The Committee then considered the most plausible cost-effectiveness estimate following the sensitivity analysis of the utility values of the group of people that had received no post-study treatments (see section 4.3.10), in light of the appraisal of a life-extending, end-of-life treatment. It considered the impact of giving a greater weight to QALYs achieved in the later stages of terminal diseases, using the assumption that the extended survival period is experienced at the full quality of life anticipated for a healthy person of the same age and the magnitude of additional weight that would need to be assigned to the original QALY benefits in this patient group for the cost effectiveness of the drug to fall within the current threshold range. The Committee concluded that although it might be at the upper end of any plausible valuation of such benefits, in this case there was a significant step-change in treating a disease for which there is only 1 current standard first-line treatment option. The Committee concluded that sunitinib as a first-line treatment for advanced and/or metastatic RCC could be recommended as a cost-effective use of NHS resources, if a patient has an ECOG performance status of 0 or 1 and there are no further treatment options recommended by NICE after first-line sunitinib treatment. The Committee also considered that, because of the additional weight assigned to the original QALY benefit, rigorous data collection investigating the benefits of sunitinib in this group of people should be conducted.

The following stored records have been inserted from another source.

lemma id_minus_compact_no_decreasing_chain:
  fixes C :: "'a::real_normed_vector \<Rightarrow> 'a"
  assumes "compact_map C" and L: "L = (\<lambda>z. z - C z)"
    and S: "\<And>m. subspace (S m)" "\<And>m. closed (S m)"
    and strict: "\<And>m. S (Suc m) \<subset> S m" and invariant: "\<And>m. L ` S m \<subseteq> S (Suc m)"
  shows False
proof -
  have antimono: "S n \<subseteq> S m" if "m \<le> n" for m n
    using lift_Suc_antimono_le[of S, OF _ that] strict by blast
  have "\<exists>x\<in>S m. norm x = 1 \<and> (\<forall>k\<in>S (Suc m). 1/2 < norm (x - k))" for m
    using Riesz_lemma[OF S(1,2) S(1) strict] by blast
  then obtain x where x: "\<And>m. x m \<in> S m" "\<And>m. norm (x m) = 1"
    and far: "\<And>m k. k \<in> S (Suc m) \<Longrightarrow> 1/2 < norm (x m - k)"
    by metis
  have "1/2 < norm (C (x a) - C (x b))" if "a < b" for a b
  proof -
    have Lx: "L (x m) \<in> S (Suc m)" for m
      using invariant x(1) by blast
    have "L (x a) \<in> S (Suc a)" "x b \<in> S (Suc a)" "L (x b) \<in> S (Suc a)"
      using Lx x(1) antimono[of "Suc a" b] antimono[of "Suc a" "Suc b"] \<open>a < b\<close> by auto
    then have "L (x a) + x b - L (x b) \<in> S (Suc a)"
      using S(1) by (intro subspace_diff subspace_add) auto
    moreover have "C (x a) - C (x b) = x a - (L (x a) + x b - L (x b))"
      unfolding L by simp
    ultimately show ?thesis
      using far by metis
  qed
  moreover have "\<exists>a b. a < b \<and> norm (C (x a) - C (x b)) < 1/2"
    using \<open>compact_map C\<close> x(2) by (intro compact_map_not_separated) auto
  ultimately show False
    by fastforce
qed

lemma id_minus_compact_finite_ascent:
  fixes C :: "'a::real_normed_vector \<Rightarrow> 'a"
  assumes "bounded_linear C" "compact_map C" and L: "L = (\<lambda>z. z - C z)"
  shows "\<exists>m. Ker (L ^^ m) = Ker (L ^^ Suc m)"
proof (rule ccontr)
  assume "\<nexists>m. Ker (L ^^ m) = Ker (L ^^ Suc m)"
  have "bounded_linear L"
    unfolding L using \<open>bounded_linear C\<close> by (rule bounded_linear_id_minus)
  then have "linear L"
    by (rule bounded_linear.linear)
  show False
  proof (rule id_minus_compact_no_increasing_chain[OF \<open>compact_map C\<close> L])
    show "subspace (Ker (L ^^ m))" for m
      using \<open>linear L\<close> by (intro subspace_Ker linear_funpow)
    show "closed (Ker (L ^^ m))" for m
      using \<open>bounded_linear L\<close> by (intro closed_Ker bounded_linear_funpow)
    show "Ker (L ^^ m) \<subset> Ker (L ^^ Suc m)" for m
      using Ker_funpow_mono[OF \<open>linear L\<close>, of m "Suc m"] \<open>\<nexists>m. Ker (L ^^ m) = Ker (L ^^ Suc m)\<close>
      by auto
    show "L ` Ker (L ^^ Suc m) \<subseteq> Ker (L ^^ m)" for m
      by (auto simp: Ker_def funpow_swap1)
  qed
qed

lemma closed_Ran_funpow_id_minus_compact:
  fixes C :: "'a::banach \<Rightarrow> 'a"
  assumes "bounded_linear C" "compact_map C" and L: "L = (\<lambda>z. z - C z)"
  shows "closed (Ran (L ^^ m))"
proof (induction m)
  case 0
  show ?case
    by (simp add: Ran_def)
next
  case (Suc m)
  have "linear L"
    using bounded_linear_id_minus[OF \<open>bounded_linear C\<close>] unfolding L by (rule bounded_linear.linear)
  then have "subspace (Ran (L ^^ m))"
    by (intro subspace_Ran linear_funpow)
  with Suc.IH show ?case
    unfolding Ran_funpow_Suc using assms by (intro closed_image_id_minus_compact)
qed

lemma id_minus_compact_finite_descent:
  fixes C :: "'a::banach \<Rightarrow> 'a"
  assumes "bounded_linear C" "compact_map C" and L: "L = (\<lambda>z. z - C z)"
  shows "\<exists>m. Ran (L ^^ Suc m) = Ran (L ^^ m)"
proof (rule ccontr)
  assume "\<nexists>m. Ran (L ^^ Suc m) = Ran (L ^^ m)"
  have "linear L"
    using bounded_linear_id_minus[OF \<open>bounded_linear C\<close>] unfolding L by (rule bounded_linear.linear)
  show False
  proof (rule id_minus_compact_no_decreasing_chain[OF \<open>compact_map C\<close> L])
    show "subspace (Ran (L ^^ m))" for m
      using \<open>linear L\<close> by (intro subspace_Ran linear_funpow)
    show "closed (Ran (L ^^ m))" for m
      using assms by (rule closed_Ran_funpow_id_minus_compact)
    show "Ran (L ^^ Suc m) \<subset> Ran (L ^^ m)" for m
      using Ran_funpow_antimono[of m "Suc m" L] \<open>\<nexists>m. Ran (L ^^ Suc m) = Ran (L ^^ m)\<close>
      by auto
    show "L ` Ran (L ^^ m) \<subseteq> Ran (L ^^ Suc m)" for m
      unfolding Ran_funpow_Suc by (rule order_refl)
  qed
qed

First-line treatment for people suitable for immunotherapy with at least 3 of 6 factors indicating poor prognosis
Very few data were presented to the Committee on the clinical or cost effectiveness of sunitinib compared with IFN-α as first-line treatments for people with a poor prognosis, suitable for immunotherapy. In the absence of robust data, the Committee concluded that sunitinib could not be considered a clinically effective first-line treatment for people with poor prognosis, suitable for immunotherapy with advanced and/or metastatic RCC.
First-line treatment for people unsuitable for immunotherapy
No data were presented to the Committee on the clinical or cost effectiveness of sunitinib compared with best supportive care as a first-line treatment for people who were unsuitable for immunotherapy. In the absence of robust data, the Committee concluded that sunitinib could not be considered a clinically effective first-line treatment for those unsuitable for immunotherapy with advanced and/or metastatic RCC.
First-line treatment for people with poor prognosis unsuitable for immunotherapy
No data were presented to the Committee on the clinical or cost effectiveness of sunitinib compared with best supportive care as a first-line treatment for people with a poor prognosis who were unsuitable for immunotherapy. In the absence of robust data, the Committee concluded that sunitinib could not be considered a clinically effective first-line treatment for people with a poor prognosis who are unsuitable for immunotherapy.